Looking quickly at the code is more confusing. Apparently, the relevant bits are in unique.h
and unique.cpp
. There are three versions of a MAPQ algorithm. The code seems to be inherited from Bowtie2, and there are several passages with values like 44, 42, 40, 24, 23, and so on. For example, on unique.cpp
:
// There is no valid second-best alignment and the best alignment has a
// perfect score.
const TMapq pair_nosec_perf = 44;
Or in unique.h
, on the V2 of the MAPQ algorithm:
// End-to-end alignment
if(!hasSecbest) {
if (bestOver >= diff * (double)0.8f) ret = 42;
else if(bestOver >= diff * (double)0.7f) ret = 40;
else if(bestOver >= diff * (double)0.6f) ret = 24;
else if(bestOver >= diff * (double)0.5f) ret = 23;
else if(bestOver >= diff * (double)0.4f) ret = 8;
else if(bestOver >= diff * (double)0.3f) ret = 3;
else ret = 0;
So, at first glance, like for Bowtie2 ( How does bowtie2 assign MAPQ scores? ), mismatches would affect MAPQ. However, this is not what happens, and my C++ skills have been nearly exhausted with this exercise.
edit: I am not the first one to have been fooled by the code, see MAPQ values are really useful but their implementation is a mess.

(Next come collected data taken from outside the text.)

(* Let $\mathbb{U}\subseteq\mathbb{R}^{n_u}$ with positive Lebesgue measure, and let $\beta,\gamma\in\mathbb{R}\setminus\{0\}$ with $\beta<\gamma$. (i) Let $g:\mathbb{U}\to\mathbb{R}$ be bounded below with $\int_{\mathbb{U}}\exp(\beta g(u))\,du<\infty$ and $\int_{\mathbb{U}}\exp(-(\gamma-\beta)g(u))\,du<\infty$. Then $$\frac{1}{\beta}\log\int_{\mathbb{U}}\exp(\beta g(u))\,du=\inf_{\rho\in L^{1-\frac{\gamma}{\gamma-\beta}}(\mathbb{U})}\Big\{\frac{1}{\gamma}\log\int_{\mathbb{U}}\exp(\gamma g(u))\rho(u)\,du-\frac{1}{\gamma-\beta}\mathcal{H}_{1-\frac{\gamma}{\gamma-\beta}}(\rho)\Big\},$$ and the unique minimizer of the right-hand side is $\rho(u)=\exp(-(\gamma-\beta)g(u))/\int_{\mathbb{U}}\exp(-(\gamma-\beta)g(u'))\,du'$, $u\in\mathbb{U}$. (ii) Let $h:\mathbb{U}\to\mathbb{R}$ be bounded above with $\int_{\mathbb{U}}\exp(\gamma h(u))\,du<\infty$ and $\int_{\mathbb{U}}\exp((\gamma-\beta)h(u))\,du<\infty$. Then $$\frac{1}{\gamma}\log\int_{\mathbb{U}}\exp(\gamma h(u))\,du=\sup_{\rho\in L^{\frac{\gamma}{\gamma-\beta}}(\mathbb{U})}\Big\{\frac{1}{\beta}\log\int_{\mathbb{U}}\exp(\beta h(u))\rho(u)\,du+\frac{1}{\gamma-\beta}\mathcal{H}_{\frac{\gamma}{\gamma-\beta}}(\rho)\Big\},$$ and the unique maximizer of the right-hand side is $\rho(u)=\exp((\gamma-\beta)h(u))/\int_{\mathbb{U}}\exp((\gamma-\beta)h(u'))\,du'$, $u\in\mathbb{U}$.
   Context: For a probability density $p$ on $\mathbb{U}$ and $\alpha\in\mathbb{R}\setminus\{0,1\}$ (including $\alpha<0$), the R\'enyi entropy is $\mathcal{H}_\alpha(p)=\frac{1}{\alpha(1-\alpha)}\log\int_{\{u:p(u)>0\}}p(u)^\alpha\,du$. For $\alpha\in\mathbb{R}\setminus\{0,1\}$, $L^{\alpha}(\mathbb{U})=\{\rho$ probability density on $\mathbb{U}:\int_{\mathbb{U}}\rho(u)^{\alpha}du<\infty\}$. *)

theory Defs
  imports "HOL-Analysis.Analysis"
begin
lemma left_weak_comp_adj_transp_descent:
  assumes uw: "left_weak n u w" and m: "1 \<le> m" "m < n"
    and asc: "u m < u (Suc m)" and desc: "w m > w (Suc m)"
  shows "left_weak n (u \<circ> adj_transp m) w"
proof -
  have u: "u \<in> Sym n" and w: "w \<in> Sym n" and sub: "inversions n u \<subseteq> inversions n w"
    using uw by (auto simp: left_weak_iff_inversions)
  note w_gt = inversions_subsetD[OF sub]
  have "inversions n (u \<circ> adj_transp m) \<subseteq> inversions n w"
  proof (rule inversions_subsetI)
    fix i j assume r: "1 \<le> i" "j \<le> n" "i < j" "(u \<circ> adj_transp m) i > (u \<circ> adj_transp m) j"
    consider "i = m" "j = Suc m" | "i = m" "j > Suc m" | "i = Suc m" | "j = m"
      | "j = Suc m" "i < m" | "i \<noteq> m" "i \<noteq> Suc m" "j \<noteq> m" "j \<noteq> Suc m"
      using r(3) by linarith
    then show "w i > w j"
    proof cases
      case 1 then show ?thesis using desc by simp
    next
      case 2 then show ?thesis using w_gt[of "Suc m" j] r m desc by simp
    next
      case 3 then show ?thesis using w_gt[of "Suc m" j] r asc by simp
    next
      case 4 then show ?thesis using w_gt[of i m] r asc by simp
    next
      case 5 then show ?thesis using w_gt[of i m] r desc by simp
    next
      case 6 then show ?thesis using w_gt[of i j] r by simp
    qed
  qed
  then show ?thesis
    using u w m by (simp add: left_weak_iff_inversions Sym_comp Sym_adj_transp)
qed

lemma left_weak_comp_adj_transp:
  assumes uw: "left_weak n u w" and m: "1 \<le> m" "m < n" and asc: "w m < w (Suc m)"
  shows "left_weak n (u \<circ> adj_transp m) (w \<circ> adj_transp m)"
proof -
  have "inversions n u - {(m, Suc m)} \<subseteq> inversions n w"
    using uw by (auto simp: left_weak_iff_inversions)
  then have "inversions n (u \<circ> adj_transp m) - {(m, Suc m)} \<subseteq> inversions n (w \<circ> adj_transp m)"
    using m by (rule inversions_comp_adj_transp_mono)
  moreover have "(m, Suc m) \<in> inversions n (w \<circ> adj_transp m)"
    using m asc by (simp add: inversions_def)
  ultimately show ?thesis
    using uw m by (auto simp: left_weak_iff_inversions Sym_comp Sym_adj_transp)
qed
lemma partition_col_blocks: "partition_on {1..n} col_blocks"
  and partition_row_blocks: "partition_on {1..n} row_blocks"
proof -
  have nonempty: "set (CL p) \<noteq> {}" "set (AL p) \<noteq> {}" if "p \<in> I" for p
    using card_set_CL[OF that] card_set_AL[OF that] two_le_L[OF that] by auto
  show "partition_on {1..n} col_blocks"
  proof (rule partition_onI)
    fix B B' assume "B \<in> col_blocks" "B' \<in> col_blocks" "B \<noteq> B'"
    then show "disjnt B B'" using set_CL_disjoint unfolding col_blocks_def disjnt_def by blast
  qed (use UN_set_CL nonempty in \<open>auto simp: col_blocks_def\<close>)
  show "partition_on {1..n} row_blocks"
  proof (rule partition_onI)
    fix B B' assume "B \<in> row_blocks" "B' \<in> row_blocks" "B \<noteq> B'"
    then show "disjnt B B'" using set_AL_disjoint unfolding row_blocks_def disjnt_def by blast
  qed (use UN_set_AL nonempty in \<open>auto simp: row_blocks_def\<close>)
qed

lemma bij_betw_row_block: "bij_betw row_block {B\<in>col_blocks. card B = k} {B\<in>row_blocks. card B = k}"
proof (rule bij_betw_imageI)
  show "inj_on row_block {B\<in>col_blocks. card B = k}"
  proof (rule inj_onI)
    fix B B' assume "B \<in> {B\<in>col_blocks. card B = k}" "B' \<in> {B\<in>col_blocks. card B = k}"
      and same: "row_block B = row_block B'"
    then obtain p q where pq: "p \<in> I" "q \<in> I" "B = set (CL p)" "B' = set (CL q)"
      by (auto simp: col_blocks_def)
    have "AL p ! 0 \<in> set (AL p)" using two_le_L[OF pq(1)] length_AL[OF pq(1)] by simp
    then have "p = q" using same set_AL_disjoint[OF pq(1,2)]
      by (simp add: row_block_def pq cycle_of_set_CL)
    then show "B = B'" using pq by simp
  qed
  show "row_block ` {B\<in>col_blocks. card B = k} = {B\<in>row_blocks. card B = k}"
  proof (intro equalityI subsetI)
    fix B' assume "B' \<in> row_block ` {B\<in>col_blocks. card B = k}"
    then obtain p where "p \<in> I" "card (set (CL p)) = k" "B' = row_block (set (CL p))"
      by (auto simp: col_blocks_def)
    then show "B' \<in> {B\<in>row_blocks. card B = k}"
      using card_set_CL card_set_AL by (simp add: row_blocks_def row_block_def cycle_of_set_CL)
  next
    fix B' assume "B' \<in> {B\<in>row_blocks. card B = k}"
    then obtain p where p: "p \<in> I" "B' = set (AL p)" "card B' = k" by (auto simp: row_blocks_def)
    then have "set (CL p) \<in> {B\<in>col_blocks. card B = k}" "B' = row_block (set (CL p))"
      using card_set_CL card_set_AL by (simp_all add: col_blocks_def row_block_def cycle_of_set_CL)
    then show "B' \<in> row_block ` {B\<in>col_blocks. card B = k}" by (rule rev_image_eqI)
  qed
qed

definition xs\<^sub>0 :: "nat \<Rightarrow> nat" where
  "xs\<^sub>0 k = (if k \<in> {2..n} then card {B\<in>col_blocks. card B = k} else 0)"

text \<open>\<open>\<rho>\<^sub>k\<close> sends \<open>i\<close> to the index of the \<open>A\<close>-block of size \<open>k\<close> that lies on the same cycle as
  the \<open>i\<close>-th \<open>C\<close>-block of size \<open>k\<close>.\<close>
definition rho\<^sub>0 :: "nat \<Rightarrow> nat \<Rightarrow> nat" where
  "rho\<^sub>0 k i = (if i \<in> {1..xs\<^sub>0 k}
     then inv_into {1..xs\<^sub>0 k} (blk row_blocks k) (row_block (blk col_blocks k i)) else i)"
lemma balanced_append:
  assumes "balanced tau s" "balanced tau t"
  shows "balanced tau (s @ t)"
  using assms(2)
proof (induction t rule: balanced.induct)
  case (insert p q r a)
  then show ?case using balanced.insert[of tau "s @ p" q r a] by simp
qed (simp add: assms(1))

lemma balanced_insert_word:
  "balanced tau (p @ q @ r) \<Longrightarrow> balanced tau (p @ u @ q @ word_inv tau u @ r)"
proof (induction u arbitrary: q)
  case (Cons a u)
  then have "balanced tau (p @ u @ q @ word_inv tau u @ r)" by blast
  then have "balanced tau (p @ a # (u @ q @ word_inv tau u) @ tau a # r)"
    using balanced.insert[of tau p "u @ q @ word_inv tau u" r a] by simp
  then show ?case by (simp add: word_inv_Cons)
qed (simp add: word_inv_def)

lemma balanced_commutator: "balanced tau (u @ v @ word_inv tau u @ word_inv tau v)"
proof -
  have "balanced tau (v @ word_inv tau v)"
    using balanced_insert_word[of tau "[]" "[]" "[]" v] by (simp add: balanced.Nil)
  then show ?thesis using balanced_insert_word[of tau "[]" v "word_inv tau v" u] by simp
qed

lemma (in involution) balanced_word_inv: "balanced tau s \<Longrightarrow> balanced tau (word_inv tau s)"
proof (induction rule: balanced.induct)
  case Nil
  show ?case by (simp add: word_inv_def balanced.Nil)
next
  case (insert p q r a)
  then have "balanced tau (word_inv tau r @ a # word_inv tau q @ tau a # word_inv tau p)"
    using balanced.insert[of tau "word_inv tau r" "word_inv tau q" "word_inv tau p" a]
    by (simp add: word_inv_append)
  then show ?case by (simp add: word_inv_append word_inv_Cons)
qed

fun gamma_seq_seen :: "('a \<Rightarrow> 'a) \<Rightarrow> (nat \<Rightarrow> 'a) \<Rightarrow> nat set \<Rightarrow> nat list \<Rightarrow> 'a list" where
  "gamma_seq_seen tau lab S [] = []"
| "gamma_seq_seen tau lab S (x # xs) =
     (if x \<in> S then tau (lab x) else lab x) # gamma_seq_seen tau lab (insert x S) xs"

lemma gamma_seq_seen_conv_nth:
  "gamma_seq_seen tau lab S w =
     map (\<lambda>i. if w ! i \<in> S \<union> set (take i w) then tau (lab (w ! i)) else lab (w ! i))
         [0..<length w]"
proof (induction w arbitrary: S)
  case (Cons x xs)
  then show ?case
    by (simp add: upt_conv_Cons map_Suc_upt[symmetric] del: upt_Suc)
qed simp

lemma gamma_seq_eq_seen: "gamma_seq tau lab w = gamma_seq_seen tau lab {} w"
  unfolding gamma_seq_def gamma_seq_seen_conv_nth by simp

lemma gamma_seq_seen_append:
  "gamma_seq_seen tau lab S (xs @ ys) =
     gamma_seq_seen tau lab S xs @ gamma_seq_seen tau lab (S \<union> set xs) ys"
  by (induction xs arbitrary: S) auto

lemma length_gamma_seq_seen [simp]: "length (gamma_seq_seen tau lab S xs) = length xs"
  by (induction xs arbitrary: S) auto

lemma gamma_seq_seen_cong:
  "S \<inter> set xs = S' \<inter> set xs \<Longrightarrow> gamma_seq_seen tau lab S xs = gamma_seq_seen tau lab S' xs"
proof (induction xs arbitrary: S S')
  case (Cons x xs)
  have "x \<in> S \<longleftrightarrow> x \<in> S'"
    using Cons.prems by auto
  moreover have "gamma_seq_seen tau lab (insert x S) xs = gamma_seq_seen tau lab (insert x S') xs"
    using Cons.prems by (intro Cons.IH) auto
  ultimately show ?case by simp
qed simp

lemma gamma_seq_seen_insert_notin:
  "x \<notin> set xs \<Longrightarrow> gamma_seq_seen tau lab (insert x S) xs = gamma_seq_seen tau lab S xs"
  by (rule gamma_seq_seen_cong) blast

lemma gamma_seq_seen_fun_upd_notin:
  "x \<notin> set xs \<Longrightarrow> gamma_seq_seen tau (lab(x := a)) S xs = gamma_seq_seen tau lab S xs"
  by (induction xs arbitrary: S) auto

lemma gamma_seq_seen_eq_appendD:
  assumes "gamma_seq_seen tau lab S w = s @ t"
  obtains u v where "w = u @ v" "gamma_seq_seen tau lab S u = s"
    "gamma_seq_seen tau lab (S \<union> set u) v = t"
proof
  let ?u = "take (length s) w" and ?v = "drop (length s) w"
  show "w = ?u @ ?v" by simp
  have len: "length (gamma_seq_seen tau lab S ?u) = length s"
    using arg_cong[OF assms, of length] by simp
  have "gamma_seq_seen tau lab S ?u @ gamma_seq_seen tau lab (S \<union> set ?u) ?v = s @ t"
    using assms gamma_seq_seen_append[of tau lab S ?u ?v] by simp
  then show "gamma_seq_seen tau lab S ?u = s" "gamma_seq_seen tau lab (S \<union> set ?u) ?v = t"
    using append_eq_append_conv[OF disjI1[OF len]] by blast+
qed

lemma is_nanoword_insert_fresh:
  assumes "is_nanoword (u @ v @ w)" "x \<notin> set (u @ v @ w)"
  shows "is_nanoword (u @ x # v @ x # w)"
  unfolding is_nanoword_def
proof
  fix y assume "y \<in> set (u @ x # v @ x # w)"
  show "count_list (u @ x # v @ x # w) y = 2"
  proof (cases "y = x")
    case True
    with assms(2) show ?thesis by (simp add: count_list_0_iff)
  next
    case False
    with assms \<open>y \<in> _\<close> show ?thesis unfolding is_nanoword_def by auto
  qed
qed

lemma nanoword_split_first:
  assumes "is_nanoword (x # w)"
  obtains q r where "w = q @ x # r" "x \<notin> set q" "x \<notin> set r" "is_nanoword (q @ r)"
proof -
  have "count_list w x = 1" using assms unfolding is_nanoword_def by auto
  then obtain q r where w: "w = q @ x # r" "x \<notin> set q"
    by (metis count_list_0_iff split_list_first zero_neq_one)
  with \<open>count_list w x = 1\<close> have "x \<notin> set r" by (simp add: count_list_0_iff)
  moreover have "is_nanoword (q @ r)"
    unfolding is_nanoword_def
  proof
    fix y assume "y \<in> set (q @ r)"
    with w \<open>x \<notin> set r\<close> have "y \<noteq> x" "y \<in> set (x # w)" by auto
    with assms have "count_list (x # w) y = 2" unfolding is_nanoword_def by blast
    with \<open>y \<noteq> x\<close> show "count_list (q @ r) y = 2" unfolding w by simp
  qed
  ultimately show ?thesis using w that by blast
qed

lemma balanced_gamma_seq_seen:
  "is_nanoword w \<Longrightarrow> balanced tau (gamma_seq_seen tau lab {} w)"
proof (induction "length w" arbitrary: w rule: less_induct)
  case less
  show ?case
  proof (cases w)
    case Nil
    then show ?thesis by (simp add: balanced.Nil)
  next
    case (Cons x w')
    with less.prems obtain q r
      where w': "w' = q @ x # r" "x \<notin> set q" "x \<notin> set r" "is_nanoword (q @ r)"
      by (blast elim: nanoword_split_first)
    with less.hyps Cons have "balanced tau (gamma_seq_seen tau lab {} (q @ r))" by simp
    then have "balanced tau ([] @ lab x # gamma_seq_seen tau lab {} q @
        tau (lab x) # gamma_seq_seen tau lab (set q) r)"
      by (intro balanced.insert) (simp add: gamma_seq_seen_append)
    with Cons w' show ?thesis
      by (simp add: gamma_seq_seen_append gamma_seq_seen_insert_notin)
  qed
qed

lemma balanced_imp_gamma_seq_seen:
  "balanced tau s \<Longrightarrow> \<exists>lab w. is_nanoword w \<and> gamma_seq_seen tau lab {} w = s"
proof (induction rule: balanced.induct)
  case Nil
  have "is_nanoword []" by (simp add: is_nanoword_def)
  then show ?case by force
next
  case (insert p q r a)
  then obtain lab w where w: "is_nanoword w" "gamma_seq_seen tau lab {} w = p @ q @ r"
    by blast
  then obtain wp wq wr where split: "w = wp @ wq @ wr" "gamma_seq_seen tau lab {} wp = p"
    "gamma_seq_seen tau lab (set wp) wq = q" "gamma_seq_seen tau lab (set wp \<union> set wq) wr = r"
    by (auto elim!: gamma_seq_seen_eq_appendD)
  obtain x :: nat where x: "x \<notin> set w"
    using ex_new_if_finite[OF infinite_UNIV_nat finite_set] by blast
  with w(1) split(1) have "is_nanoword (wp @ x # wq @ x # wr)"
    by (intro is_nanoword_insert_fresh) auto
  moreover have "gamma_seq_seen tau (lab(x := a)) {} (wp @ x # wq @ x # wr) = p @ a # q @ tau a # r"
    using x split
    by (simp add: gamma_seq_seen_append gamma_seq_seen_insert_notin gamma_seq_seen_fun_upd_notin)
  ultimately show ?case by blast
qed

lemma gamma_image_eq_balanced_classes:
  "{gamma tau lab w | lab w. is_nanoword w} = pi_class tau ` {s. balanced tau s}"
  unfolding gamma_def pi_class_def gamma_seq_eq_seen
  using balanced_gamma_seq_seen balanced_imp_gamma_seq_seen by blast

lemma (in group) insert_conj_in_derived:
  assumes "p \<in> carrier G" "a \<in> carrier G" "q \<in> carrier G" "r \<in> carrier G"
    and "p \<otimes> q \<otimes> r \<in> derived G (carrier G)"
  shows "p \<otimes> a \<otimes> q \<otimes> inv a \<otimes> r \<in> derived G (carrier G)"
proof -
  interpret D: normal "derived G (carrier G)" G by (rule derived_self_is_normal)
  have comm: "a \<otimes> q \<otimes> inv a \<otimes> inv q \<in> derived G (carrier G)"
    using assms(2,3) unfolding derived_def by (blast intro: generate.incl)
  have "p \<otimes> (a \<otimes> q \<otimes> inv a \<otimes> inv q) \<otimes> inv p \<otimes> (p \<otimes> q \<otimes> r) \<in> derived G (carrier G)"
    using assms(1) comm assms(5) by (rule D.m_closed[OF D.inv_op_closed2])
  also have "p \<otimes> (a \<otimes> q \<otimes> inv a \<otimes> inv q) \<otimes> inv p \<otimes> (p \<otimes> q \<otimes> r) = p \<otimes> a \<otimes> q \<otimes> inv a \<otimes> r"
    using assms(1-4) by (simp add: m_assoc inv_solve_left')
  finally show ?thesis .
qed

context involution
begin

lemma balanced_classes_subset_derived:
  "pi_class tau ` {s. balanced tau s} \<subseteq> derived (Pi_grp tau) (carrier (Pi_grp tau))"
proof clarify
  interpret G: group "Pi_grp tau" by (rule group_Pi_grp)
  have carrier: "pi_class tau s \<in> carrier (Pi_grp tau)" for s
    by (simp add: carrier_Pi_grp)
  fix s assume "balanced tau s"
  then show "pi_class tau s \<in> derived (Pi_grp tau) (carrier (Pi_grp tau))"
  proof (induction rule: balanced.induct)
    case Nil
    show ?case
      using subgroup.one_closed[OF G.derived_is_subgroup[OF subset_refl]] by (simp add: one_Pi_grp)
  next
    case (insert p q r a)
    let ?c = "pi_class tau"
    have "?c (p @ a # q @ tau a # r) =
        ?c p \<otimes>\<^bsub>Pi_grp tau\<^esub> ?c [a] \<otimes>\<^bsub>Pi_grp tau\<^esub> ?c q \<otimes>\<^bsub>Pi_grp tau\<^esub>
        inv\<^bsub>Pi_grp tau\<^esub> ?c [a] \<otimes>\<^bsub>Pi_grp tau\<^esub> ?c r"
      by (simp add: mult_Pi_grp inv_Pi_grp word_inv_def)
    moreover have "?c (p @ q @ r) = ?c p \<otimes>\<^bsub>Pi_grp tau\<^esub> ?c q \<otimes>\<^bsub>Pi_grp tau\<^esub> ?c r"
      by (simp add: mult_Pi_grp)
    ultimately show ?case
      using insert.IH by (simp add: G.insert_conj_in_derived carrier)
  qed
qed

Thanks a lot guys..you both seem to be right about this. Reads which have a MAPQ of 60 will also have NH tag (no. of hits) set as 1. If someone is interested in only uniquely mapped reads and is using HISAT v2.0.4, MAPQ can be used to get such reads or else only use NH tag to get those reads (different aligners use different scoring scheme, hence the NH tag is useful).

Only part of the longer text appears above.